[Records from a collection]
━━━━━━━━━━━━━━━━━━━━

lemma of_int_orientation_square [simp]:
  "g \<in> carrier G \<Longrightarrow> of_int (\<sigma> g) * (of_int (\<sigma> g) :: 'f::ring_1) = 1"
  using orientation_cases[of g] by auto

lemma oriented_inv_apply: "x \<in> carrier G \<Longrightarrow> oriented_inv G s \<sigma> a x = of_int (\<sigma> x) * a (s x)"
  unfolding oriented_inv_def by simp

lemma oriented_inv_in_grp_alg: "a \<in> grp_alg G \<Longrightarrow> oriented_inv G s \<sigma> a \<in> grp_alg G"
proof -
  assume a: "a \<in> grp_alg G"
  have "{x. oriented_inv G s \<sigma> a x \<noteq> 0} \<subseteq> s ` {y. a y \<noteq> 0}"
  proof
    fix x assume "x \<in> {x. oriented_inv G s \<sigma> a x \<noteq> 0}"
    then have "x \<in> carrier G" "a (s x) \<noteq> 0" unfolding oriented_inv_def by (auto split: if_splits)
    then show "x \<in> s ` {y. a y \<noteq> 0}" by (auto intro: rev_image_eqI[of "s x"])
  qed
  moreover have "finite (s ` {y. a y \<noteq> 0})" using a unfolding grp_alg_def by auto
  ultimately have "finite {x. oriented_inv G s \<sigma> a x \<noteq> 0}" by (rule finite_subset)
  then show ?thesis unfolding grp_alg_def by (simp add: oriented_inv_def)
qed

lemma sym_elems_apply: "a \<in> sym_elems G s \<sigma> \<Longrightarrow> x \<in> carrier G \<Longrightarrow> a x = of_int (\<sigma> x) * a (s x)"
  unfolding sym_elems_def by (metis (mono_tags, lifting) mem_Collect_eq oriented_inv_apply)

lemma oriented_inv_two_term:
  assumes "g \<in> carrier G" "h \<in> carrier G"
  shows "oriented_inv G s \<sigma> (two_term c g d h) =
    two_term (c * of_int (\<sigma> g)) (s g) (d * of_int (\<sigma> h)) (s h)"
proof
  fix x
  have "s x = g \<longleftrightarrow> x = s g" "s x = h \<longleftrightarrow> x = s h" if "x \<in> carrier G"
    using that assms by auto
  then show "oriented_inv G s \<sigma> (two_term c g d h) x =
      two_term (c * of_int (\<sigma> g)) (s g) (d * of_int (\<sigma> h)) (s h) x"
    using assms unfolding oriented_inv_def two_term_def by (auto simp: algebra_simps)
qed

definition sym_basis :: "'a \<Rightarrow> 'a \<Rightarrow> 'f::field" where
  "sym_basis g = two_term 1 g (of_int (\<sigma> g)) (s g)"

lemma sym_basis_in_sym_elems: "g \<in> carrier G \<Longrightarrow> sym_basis g \<in> sym_elems G s \<sigma>"
  unfolding sym_elems_def sym_basis_def
  by (simp add: two_term_in_grp_alg oriented_inv_two_term two_term_swap)

lemma sym_commutative_coeff:
  assumes C: "sym_commutative G s \<sigma> TYPE('f::field)"
    and g: "g \<in> carrier G" and h: "h \<in> carrier G" and x: "x \<in> carrier G"
  shows "of_bool (x = g \<otimes> h) + of_int (\<sigma> h) * of_bool (x = g \<otimes> s h)
       + of_int (\<sigma> g) * of_bool (x = s g \<otimes> h) + of_int (\<sigma> g) * of_int (\<sigma> h) * of_bool (x = s g \<otimes> s h) =
     of_bool (x = h \<otimes> g) + of_int (\<sigma> g) * of_bool (x = h \<otimes> s g)
       + of_int (\<sigma> h) * of_bool (x = s h \<otimes> g) + of_int (\<sigma> g) * of_int (\<sigma> h) * (of_bool (x = s h \<otimes> s g) :: 'f)"
proof -
  have "grp_alg_mult G (sym_basis g :: 'a \<Rightarrow> 'f) (sym_basis h) x = grp_alg_mult G (sym_basis h) (sym_basis g) x"
    using C sym_basis_in_sym_elems[OF g] sym_basis_in_sym_elems[OF h] unfolding sym_commutative_def by metis
  then show ?thesis
    using g h x unfolding sym_basis_def by (simp only: two_term_mult_two_term star_closed) (simp add: mult_ac)
qed

lemma grp_alg_normal_two_term:
  assumes N: "grp_alg_normal G s \<sigma> TYPE('f::field)" and g: "g \<in> carrier G" and h: "h \<in> carrier G"
  shows "grp_alg_mult G (two_term (c::'f) g d h) (oriented_inv G s \<sigma> (two_term c g d h)) x =
         grp_alg_mult G (oriented_inv G s \<sigma> (two_term c g d h)) (two_term c g d h) x"
  using N two_term_in_grp_alg[OF g h] unfolding grp_alg_normal_def by metis

lemma grp_alg_normal_star_commute:
  assumes N: "grp_alg_normal G s \<sigma> TYPE('f::field)" and g: "g \<in> carrier G"
  shows "g \<otimes> s g = s g \<otimes> g"
proof -
  have "of_int (\<sigma> g) = (of_int (\<sigma> g) * of_bool (g \<otimes> s g = s g \<otimes> g) :: 'f)"
    using grp_alg_normal_two_term[OF N g g, of 1 0 "g \<otimes> s g"] g
    by (simp add: oriented_inv_two_term two_term_mult_two_term)
  moreover have "(of_int (\<sigma> g) :: 'f) \<noteq> 0" using orientation_cases[OF g] by auto
  ultimately show ?thesis by (cases "g \<otimes> s g = s g \<otimes> g") auto
qed

lemma grp_alg_normal_coeff:
  assumes N: "grp_alg_normal G s \<sigma> TYPE('f::field)"
    and g: "g \<in> carrier G" and h: "h \<in> carrier G" and x: "x \<in> carrier G"
  shows "of_int (\<sigma> h) * of_bool (x = g \<otimes> s h) + of_int (\<sigma> g) * of_bool (x = h \<otimes> s g) =
         (of_int (\<sigma> g) * of_bool (x = s g \<otimes> h) + of_int (\<sigma> h) * of_bool (x = s h \<otimes> g) :: 'f)"
  using grp_alg_normal_two_term[OF N g h, of 1 1 x] g h x
    grp_alg_normal_star_commute[OF N g] grp_alg_normal_star_commute[OF N h]
  by (simp add: oriented_inv_two_term two_term_mult_two_term algebra_simps)

end

section \<open>From the group algebra to the group\<close>

context oriented_group begin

━━━━━━━━━━━━━━━━━━━━

Description of the task: In the data above, start at the line that has "G (two_term (c::'f)", stop after the line that has "using grp_alg_normal_two_term[OF N g h, of", and print every line in between exactly as it stands.

Task response:
  shows "grp_alg_mult G (two_term (c::'f) g d h) (oriented_inv G s \<sigma> (two_term c g d h)) x =
         grp_alg_mult G (oriented_inv G s \<sigma> (two_term c g d h)) (two_term c g d h) x"
  using N two_term_in_grp_alg[OF g h] unfolding grp_alg_normal_def by metis

lemma grp_alg_normal_star_commute:
  assumes N: "grp_alg_normal G s \<sigma> TYPE('f::field)" and g: "g \<in> carrier G"
  shows "g \<otimes> s g = s g \<otimes> g"
proof -
  have "of_int (\<sigma> g) = (of_int (\<sigma> g) * of_bool (g \<otimes> s g = s g \<otimes> g) :: 'f)"
    using grp_alg_normal_two_term[OF N g g, of 1 0 "g \<otimes> s g"] g
    by (simp add: oriented_inv_two_term two_term_mult_two_term)
  moreover have "(of_int (\<sigma> g) :: 'f) \<noteq> 0" using orientation_cases[OF g] by auto
  ultimately show ?thesis by (cases "g \<otimes> s g = s g \<otimes> g") auto
qed

lemma grp_alg_normal_coeff:
  assumes N: "grp_alg_normal G s \<sigma> TYPE('f::field)"
    and g: "g \<in> carrier G" and h: "h \<in> carrier G" and x: "x \<in> carrier G"
  shows "of_int (\<sigma> h) * of_bool (x = g \<otimes> s h) + of_int (\<sigma> g) * of_bool (x = h \<otimes> s g) =
         (of_int (\<sigma> g) * of_bool (x = s g \<otimes> h) + of_int (\<sigma> h) * of_bool (x = s h \<otimes> g) :: 'f)"
  using grp_alg_normal_two_term[OF N g h, of 1 1 x] g h x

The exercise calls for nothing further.